Смутные времена. Владивосток, 1918-1919 гг. (Кессель) - страница 44

В то время как в «Аквариуме»!

Швейцары, охотники, официанты, метрдотели, музыканты, артисты — все в заведении говорили на моем родном языке. Я был одним из них.

Но также я был и одним из тех офицеров, кого, со всех уголков света, привели сюда смертельные игры.

А эта музыка, отзывавшаяся в самых глубинах моей души, эти слова, каждый слог которых я понимал, эти песни о радости дикой, полной отчаяния, радости безграничной и мучительной, — эти песни уже давно стали частью меня.

Владивосток, 1919 год. Зов джунглей.

«Аквариум». Мой первый русский ночной клуб.

В силу обстоятельств очень быстро и незаметно пришла рутина: с раннего утра до наступления темноты — кули Фанга; потом место расквартирования — два-три часа на сон; наконец, «Аквариум», а из «Аквариума» прямиком к Фангу и его кули.

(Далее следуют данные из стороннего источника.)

(* Let $1<p<\infty$, $n\ge1$, and let $f\in C([0,\infty))$, $g\in C^{0,1}([0,\infty))$ be strictly increasing with $f(0)=g(0)=0$. Let $F(s)=\int_0^s f(t)\,dt$ and $\Gamma(s)=\int_0^{2s}g(t)\,dt+\frac{p-1}{p}c\,s^p$ with $c=\big(\frac{p}{p-1}\big)^p n$, and assume $$\int_1^\infty\frac{ds}{\Gamma^{-1}(F(s))}<\infty.$$ Then for every sufficiently large $\bar v_0>0$ there exist $R\in(0,\infty)$ and an increasing function $\bar v$ on $[0,R)$ which is a strict supersolution of $$\big((v')^{p-1}\big)'+\frac{n-1}{r}(v')^{p-1}\le f(v)-g(v'),\qquad v(0)=\bar v_0,\quad v'(0)=0,$$ ceases to exist at $R$, and satisfies $\bar v(r)\to\infty$ as $r\to R$. *)

theory Defs
  imports "HOL-Analysis.Analysis"
begin

definition KO_F :: "(real \<Rightarrow> real) \<Rightarrow> real \<Rightarrow> real" where
  "KO_F f s = integral {0..s} f"

definition KO_c :: "real \<Rightarrow> nat \<Rightarrow> real" where
  "KO_c p n = (p / (p - 1)) powr p * real n"

definition KO_Gamma :: "real \<Rightarrow> nat \<Rightarrow> (real \<Rightarrow> real) \<Rightarrow> real \<Rightarrow> real" where
  "KO_Gamma p n g s = integral {0..2 * s} g + (p - 1) / p * KO_c p n * s powr p"

definition KO_Gamma_inv :: "real \<Rightarrow> nat \<Rightarrow> (real \<Rightarrow> real) \<Rightarrow> real \<Rightarrow> real" where
  "KO_Gamma_inv p n g = inv_into {0..} (KO_Gamma p n g)"

definition strict_radial_supersol ::
  "real \<Rightarrow> nat \<Rightarrow> (real \<Rightarrow> real) \<Rightarrow> (real \<Rightarrow> real) \<Rightarrow> real \<Rightarrow> real \<Rightarrow> (real \<Rightarrow> real) \<Rightarrow> bool" where
  "strict_radial_supersol p n f g v0 R v \<longleftrightarrow>
     (\<exists>v'. (\<forall>r\<in>{0..<R}. (v has_real_derivative v' r) (at r within {0..<R}))
         \<and> continuous_on {0..<R} v'
         \<and> (\<forall>r\<in>{0..<R}. v' r \<ge> 0)
         \<and> v 0 = v0 \<and> v' 0 = 0
         \<and> (\<forall>r\<in>{0<..<R}. \<exists>w'. ((\<lambda>s. v' s powr (p - 1)) has_real_derivative w') (at r)
               \<and> w' + (real n - 1) / r * v' r powr (p - 1) < f (v r) - g (v' r)))"

end

theory Submission
  imports Defs
begin

(* The supersolution is the solution of the first-order problem Gamma(v') = F(v) - F(v0), v(0) = v0,
   i.e. v' = psi(v) with psi(x) = Gamma^-1(F(x) - F(v0)).  It is the inverse of
   rho(x) = integral from v0 to x of 1/psi, and it blows up at R = sup rho, which is finite:
   near v0 the singularity of 1/psi is integrable because Gamma(s) = O(s^min(p,2)), and
   for large x the Keller-Osserman condition applies since psi(x) >= Gamma^-1(F(x))/(v0 + 1).
   Differentiating Gamma(v') = F(v) - F(v0) gives ((v')^(p-1))' <= f(v)/c, because
   Gamma'(s) >= (p-1) c s^(p-1); the bounds r = rho(v) >= (v - v0)/v' and C s^p <= Gamma(s)
   give (n-1)/r (v')^(p-1) <= (n-1) f(v)/C; and s g(s) <= Gamma(s) gives g(v') <= f(v)/K as soon
   as psi(x) >= K (x - v0).  By the Keller-Osserman condition F grows faster than Gamma(K v),
   which together with Gamma(t s) <= t Gamma(s) yields this last bound for large v0.  The
   choice of c makes kappa = 1/c + (n-1)/C < 1, and K = 2/(1 - kappa) gives kappa + 1/K < 1,
   so the inequality is strict. *)

lemma continuous_on_integral_atLeast:
  fixes u :: "real \<Rightarrow> real"
  assumes "\<And>b. u integrable_on {a..b}"
  shows "continuous_on {a..} (\<lambda>x. integral {a..x} u)"
  unfolding continuous_on_eq_continuous_within
proof
  fix x assume x: "x \<in> {a..}"
  have "continuous (at x within {a..x+1}) (\<lambda>x. integral {a..x} u)"
    using indefinite_integral_continuous_1[OF assms] x
    unfolding continuous_on_eq_continuous_within by auto
  moreover have "at x within {a..} = at x within {a..x+1}"
    by (rule at_within_nhd[where S="{..<x+1}"]) auto
  ultimately show "continuous (at x within {a..}) (\<lambda>x. integral {a..x} u)"
    by simp
qed
text \<open>Walking both chains back from their common last ball recovers the starting ball.\<close>
lemma charge_inj_le:
  assumes st: "boundary_start tau x" and st': "boundary_start tau' x'"
    and e: "charge tau x = charge tau' x'" and le: "chain_len tau x \<le> chain_len tau' x'"
  shows "x = x'"
proof -
  define K where "K = chain_len tau x"
  define K' where "K' = chain_len tau' x'"
  have walk_back: "chain tau x (K - m) = chain tau' x' (K' - m)" if "m \<le> K" for m
    using that
  proof (induction m)
    case 0
    show ?case using charged_ball[of tau x] charged_ball[of tau' x'] e unfolding K_def K'_def by simp
  next
    case (Suc m)
    have k: "1 \<le> K - m" "K - m \<le> chain_len tau x" and k': "1 \<le> K' - m" "K' - m \<le> chain_len tau' x'"
      using Suc.prems le unfolding K_def K'_def by auto
    have z: "chain tau' x' (K' - m) = chain tau x (K - m)" using Suc by simp
    have "bin2 tau (chain tau x (K - m)) = bin2 tau' (chain tau x (K - m))"
    proof (cases m)
      case 0
      then show ?thesis using charge_last_bin_eq[OF st st' e] k k' z by (simp add: K_def K'_def)
    next
      case (Suc m')
      then have "K - m < chain_len tau x" "K' - m < chain_len tau' x'"
        using k k' unfolding K_def K'_def by auto
      then show ?thesis
        using chain_ball_old(2)[OF st k chain_inner_not_crosses2[OF st k(1)]]
          chain_ball_old(2)[OF st' k' chain_inner_not_crosses2[OF st' k'(1)]] z by simp
    qed
    then have "chain tau x (K - m - 1) = chain tau' x' (K' - m - 1)"
      by (rule chain_pred_eq[OF st st' k k' z])
    then show ?case by simp
  qed
  have x: "x = chain tau' x' (K' - K)" using walk_back[of K] by simp
  show ?thesis
  proof (rule ccontr)
    assume "x \<noteq> x'"
    then have j: "1 \<le> K' - K" "K' - K \<le> K'" using x by (cases "K' - K") auto
    have "\<not> crosses ops2 tau' (chain tau' x' (K' - K))"
    proof (cases "K = 0")
      case True
      then show ?thesis using isl_charge_iff[of tau x] isl_charge_iff[of tau' x'] e j
        unfolding K_def K'_def by simp
    next
      case False
      then show ?thesis using chain_inner_not_crosses2[OF st'] j unfolding K'_def by simp
    qed
    then have "x \<in> B1 L" using chain_ball_old(1)[OF st' j[unfolded K'_def]] x K'_def by simp
    then show False using st unfolding boundary_start_def by simp
  qed
qed

definition boundary_of :: "ball \<Rightarrow> nat" where
  "boundary_of x = (SOME tau. ins_time ops1 x \<le> tau \<and> tau < ins_time ops2 x \<and>
     segment tau \<noteq> segment (Suc tau))"

lemma segment_mono: "L < a \<Longrightarrow> a \<le> b \<Longrightarrow> b \<le> T \<Longrightarrow> segment a \<le> segment b"
  using seg_of_mono[OF mono] by blast

lemma boundary_start_of:
  assumes "x \<in> inserted_earlier seg pre J1 J2"
  shows "boundary_start (boundary_of x) x"
proof -
  let ?i1 = "ins_time ops1 x" and ?i2 = "ins_time ops2 x"
  have x: "x \<in> B1 T" "x \<notin> B1 L" "segment ?i1 < segment ?i2"
    using assms unfolding inserted_earlier_def by (auto simp: balls_at_append)
  have x2: "x \<in> B2 T" "x \<notin> B2 L" using x B1_T B2_T B_before_U[of L] by simp_all
  note i1 = ins_time_props[OF x(1,2)] and i2 = ins_time_props[OF x2]
  have lt: "?i1 < ?i2"
    using x(3) segment_mono[of ?i2 ?i1] i1 i2 same_length by (meson leD not_less)
  then have "\<exists>tau. ?i1 \<le> tau \<and> tau < ?i2 \<and> segment tau \<noteq> segment (Suc tau)"
    using exists_adjacent_change[of ?i1 ?i2 segment] x(3) by simp
  then have "?i1 \<le> boundary_of x \<and> boundary_of x < ?i2
      \<and> segment (boundary_of x) \<noteq> segment (Suc (boundary_of x))"
    unfolding boundary_of_def by (rule someI_ex)
  then have tau: "?i1 \<le> boundary_of x" "boundary_of x < ?i2"
    "segment (boundary_of x) \<noteq> segment (Suc (boundary_of x))" by auto
  have "segment (boundary_of x) \<le> segment (Suc (boundary_of x))"
    using segment_mono tau i1 i2 same_length by simp
  moreover have "x \<in> B1 (boundary_of x)" using i1 tau balls_at_mono[of ?i1 "boundary_of x" ops1] by auto
  ultimately show ?thesis unfolding boundary_start_def using tau i1 i2 x same_length by auto
qed

lemma card_inserted_earlier_le:
  "card (inserted_earlier seg pre J1 J2)
     \<le> card (cost_pairs f seg pre J1) + card (cost_pairs f seg pre J2)"
proof -
  let ?D = "inserted_earlier seg pre J1 J2"
  let ?P = "Inl ` cost_pairs f seg pre J1 \<union> Inr ` cost_pairs f seg pre J2"
  have "inj_on (\<lambda>x. charge (boundary_of x) x) ?D"
  proof (rule inj_onI)
    fix x y assume "x \<in> ?D" "y \<in> ?D" and e: "charge (boundary_of x) x = charge (boundary_of y) y"
    then have x: "boundary_start (boundary_of x) x" and y: "boundary_start (boundary_of y) y"
      using boundary_start_of by auto
    show "x = y"
    proof (cases "chain_len (boundary_of x) x \<le> chain_len (boundary_of y) y")
      case True
      then show ?thesis by (rule charge_inj_le[OF x y e])
    next
      case False
      then show ?thesis using charge_inj_le[OF y x e[symmetric]] by simp
    qed
  qed
  moreover have "(\<lambda>x. charge (boundary_of x) x) ` ?D \<subseteq> ?P"
    using charge_mem boundary_start_of by blast
  ultimately have "card ?D \<le> card ?P"
    by (rule card_inj_on_le) (simp add: finite_cost_pairs)
  also have "\<dots> = card (Inl ` cost_pairs f seg pre J1 :: (_ + ball \<times> nat) set)
      + card (Inr ` cost_pairs f seg pre J2 :: (ball \<times> nat + _) set)"
    by (rule card_Un_disjoint) (auto simp: finite_cost_pairs)
  also have "\<dots> = card (cost_pairs f seg pre J1) + card (cost_pairs f seg pre J2)"
    by (simp add: card_image)
  finally show ?thesis .
qed
(* Let $L$ be an IL-algebra and $F$ a distributive filter of $L$. Then the lattice $L/F$ (with $[x]\cup[y]=[x\cup y]$, $[x]\cap[y]=[x\cap y]$) is distributive.
   Context: An IL-algebra is a structure $(L,\cup,\cap,\bot,\to,\ast,1)$ such that $(L,\cup,\cap,\bot)$ is a lattice with least element $\bot$, $(L,\ast,1)$ is a commutative monoid with unit $1$, and for all $x,y,z\in L$: $x\ast y\leq z$ iff $x\leq y\to z$. A filter of $L$ is a non-empty $F\subseteq L$ with $1\in F$, such that $x,y\in F$ implies $x\ast y\in F$ and $x\cap y\in F$, and $x\in F$, $x\leq y$ implies $y\in F$. A filter $F$ is distributive if $((x\cup y)\cap(x\cup z))\to(x\cup(y\cap z))\in F$ for all $x,y,z\in L$. For a filter $F$, $x\,\rho_F\,y$ iff $x\to y\in F$ and $y\to x\in F$; $[x]$ is the $\rho_F$-class of $x$ and $L/F=\{[x]:x\in L\}$, with the operations on classes well defined. *)

theory Defs
  imports Main
begin

definition IL_algebra ::
  "'a set \<Rightarrow> ('a \<Rightarrow> 'a \<Rightarrow> 'a) \<Rightarrow> ('a \<Rightarrow> 'a \<Rightarrow> 'a) \<Rightarrow> 'a \<Rightarrow>
   ('a \<Rightarrow> 'a \<Rightarrow> 'a) \<Rightarrow> ('a \<Rightarrow> 'a \<Rightarrow> 'a) \<Rightarrow> 'a \<Rightarrow> bool" where
  "IL_algebra L jn mt bt imp mult e \<longleftrightarrow>
     bt \<in> L \<and> e \<in> L \<and>
     (\<forall>x\<in>L. \<forall>y\<in>L. jn x y \<in> L \<and> mt x y \<in> L \<and> imp x y \<in> L \<and> mult x y \<in> L) \<and>
     (\<forall>x\<in>L. \<forall>y\<in>L. jn x y = jn y x \<and> mt x y = mt y x) \<and>
     (\<forall>x\<in>L. \<forall>y\<in>L. \<forall>z\<in>L. jn (jn x y) z = jn x (jn y z)
                        \<and> mt (mt x y) z = mt x (mt y z)) \<and>
     (\<forall>x\<in>L. \<forall>y\<in>L. jn x (mt x y) = x \<and> mt x (jn x y) = x) \<and>
     (\<forall>x\<in>L. mt bt x = bt) \<and>
     (\<forall>x\<in>L. \<forall>y\<in>L. \<forall>z\<in>L. mult (mult x y) z = mult x (mult y z)) \<and>
     (\<forall>x\<in>L. \<forall>y\<in>L. mult x y = mult y x) \<and>
     (\<forall>x\<in>L. mult x e = x) \<and>
     (\<forall>x\<in>L. \<forall>y\<in>L. \<forall>z\<in>L. mt (mult x y) z = mult x y \<longleftrightarrow> mt x (imp y z) = x)"

definition lat_le :: "('a \<Rightarrow> 'a \<Rightarrow> 'a) \<Rightarrow> 'a \<Rightarrow> 'a \<Rightarrow> bool" where
  "lat_le mt x y \<longleftrightarrow> mt x y = x"

definition IL_filter ::
  "'a set \<Rightarrow> ('a \<Rightarrow> 'a \<Rightarrow> 'a) \<Rightarrow> ('a \<Rightarrow> 'a \<Rightarrow> 'a) \<Rightarrow> 'a \<Rightarrow> 'a set \<Rightarrow> bool" where
  "IL_filter L mt mult e F \<longleftrightarrow>
     F \<subseteq> L \<and> F \<noteq> {} \<and> e \<in> F \<and>
     (\<forall>x\<in>F. \<forall>y\<in>F. mult x y \<in> F \<and> mt x y \<in> F) \<and>
     (\<forall>x\<in>F. \<forall>y\<in>L. lat_le mt x y \<longrightarrow> y \<in> F)"

definition distributive_filter ::
  "'a set \<Rightarrow> ('a \<Rightarrow> 'a \<Rightarrow> 'a) \<Rightarrow> ('a \<Rightarrow> 'a \<Rightarrow> 'a) \<Rightarrow> ('a \<Rightarrow> 'a \<Rightarrow> 'a) \<Rightarrow>
   ('a \<Rightarrow> 'a \<Rightarrow> 'a) \<Rightarrow> 'a \<Rightarrow> 'a set \<Rightarrow> bool" where
  "distributive_filter L jn mt imp mult e F \<longleftrightarrow>
     IL_filter L mt mult e F \<and>
     (\<forall>x\<in>L. \<forall>y\<in>L. \<forall>z\<in>L.
        imp (mt (jn x y) (jn x z)) (jn x (mt y z)) \<in> F)"

definition rho :: "('a \<Rightarrow> 'a \<Rightarrow> 'a) \<Rightarrow> 'a set \<Rightarrow> 'a \<Rightarrow> 'a \<Rightarrow> bool" where
  "rho imp F x y \<longleftrightarrow> imp x y \<in> F \<and> imp y x \<in> F"

definition cls :: "'a set \<Rightarrow> ('a \<Rightarrow> 'a \<Rightarrow> 'a) \<Rightarrow> 'a set \<Rightarrow> 'a \<Rightarrow> 'a set" where
  "cls L imp F x = {y \<in> L. rho imp F x y}"

definition quot :: "'a set \<Rightarrow> ('a \<Rightarrow> 'a \<Rightarrow> 'a) \<Rightarrow> 'a set \<Rightarrow> 'a set set" where
  "quot L imp F = cls L imp F ` L"

definition qop :: "'a set \<Rightarrow> ('a \<Rightarrow> 'a \<Rightarrow> 'a) \<Rightarrow> 'a set \<Rightarrow> ('a \<Rightarrow> 'a \<Rightarrow> 'a) \<Rightarrow>
    'a set \<Rightarrow> 'a set \<Rightarrow> 'a set" where
  "qop L imp F op A B = cls L imp F (op (SOME a. a \<in> A) (SOME b. b \<in> B))"

end

theory Submission
  imports Defs
begin

text \<open>
  The relation \<open>\<rho>\<^sub>F\<close> is a congruence for meet and join because
  \<open>(x \<rightarrow> y) \<sqinter> (z \<rightarrow> w) \<le> (x \<sqinter> z) \<rightarrow> (y \<sqinter> w)\<close> and likewise for joins, so that
  \<open>L/F\<close> is a lattice whose operations are computed on representatives.
  In every lattice \<open>x \<squnion> (y \<sqinter> z) \<le> (x \<squnion> y) \<sqinter> (x \<squnion> z)\<close>, so distributivity of \<open>F\<close>
  says precisely that \<open>[x \<squnion> (y \<sqinter> z)] = [(x \<squnion> y) \<sqinter> (x \<squnion> z)]\<close>. The dual law
  then follows by the usual lattice-theoretic derivation, carried out modulo \<open>\<rho>\<^sub>F\<close>.
\<close>

locale il_algebra =
  fixes L :: "'a set"
    and jn :: "'a \<Rightarrow> 'a \<Rightarrow> 'a" (infixl \<open>\<squnion>\<close> 65)
    and mt :: "'a \<Rightarrow> 'a \<Rightarrow> 'a" (infixl \<open>\<sqinter>\<close> 70)
    and bt :: 'a
    and imp :: "'a \<Rightarrow> 'a \<Rightarrow> 'a" (infixr \<open>\<rightarrow>\<close> 60)
    and mult :: "'a \<Rightarrow> 'a \<Rightarrow> 'a" (infixl \<open>\<odot>\<close> 70)
    and e :: 'a
  assumes IL_algebra: "IL_algebra L jn mt bt imp mult e"
begin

Как мне удалось жить в подобном режиме в течение многих недель? Я и сам до сих пор задаюсь этим вопросом. Тем более что я не мог оставить и на полчаса свою работу надзирателя, счетовода и кассира.

Милан, введя меня в курс дела, оставил меня и занялся своими делами. И весь день, в фуражке, ботинках, со знаками отличия, наперевес с сумой, набитой миллионами, я ходил от одного склада к другому, от вагона к вагону, по территории, пересеченной бесконечными рельсами, под небом, исполненным отчаяния. Следом за мной волочились шестьдесят китайских носильщиков, едва прикрытых одеждой, грязных, покрытых слизью и гноем.

Очень часто, надо это признать, мои силы были на исходе. Тогда я себе говорил: «Держись… Держись. Еще несколько часов, и ты отправишься в «Аквариум».

Эта мысль придавала мне силы. Настоящий наркотик. Как всякий наркотик, эта мысль становилась с каждым днем все коварнее, с каждым днем мне требовалась все большая доза. Я не контролировал больше количество выпитого, как не контролировал внезапные смены настроения. Я был то другом, то врагом всего человечества. Объятия. Ссоры. Безумная, безрассудная радость. Запах смерти.

А канадский капитан стрелял в потолок прямо у себя над головой просто потому, что ему хотелось гипсового душа. Майор Робинсон выплясывал непристойную джигу. Русские рыдали, разрывая на мелкие кусочки банкноты. А мне все больше нравилось бить вдребезги бутылки и бокалы, мне нравился восхитительный звук стекла, разлетающегося на мелкие кусочки.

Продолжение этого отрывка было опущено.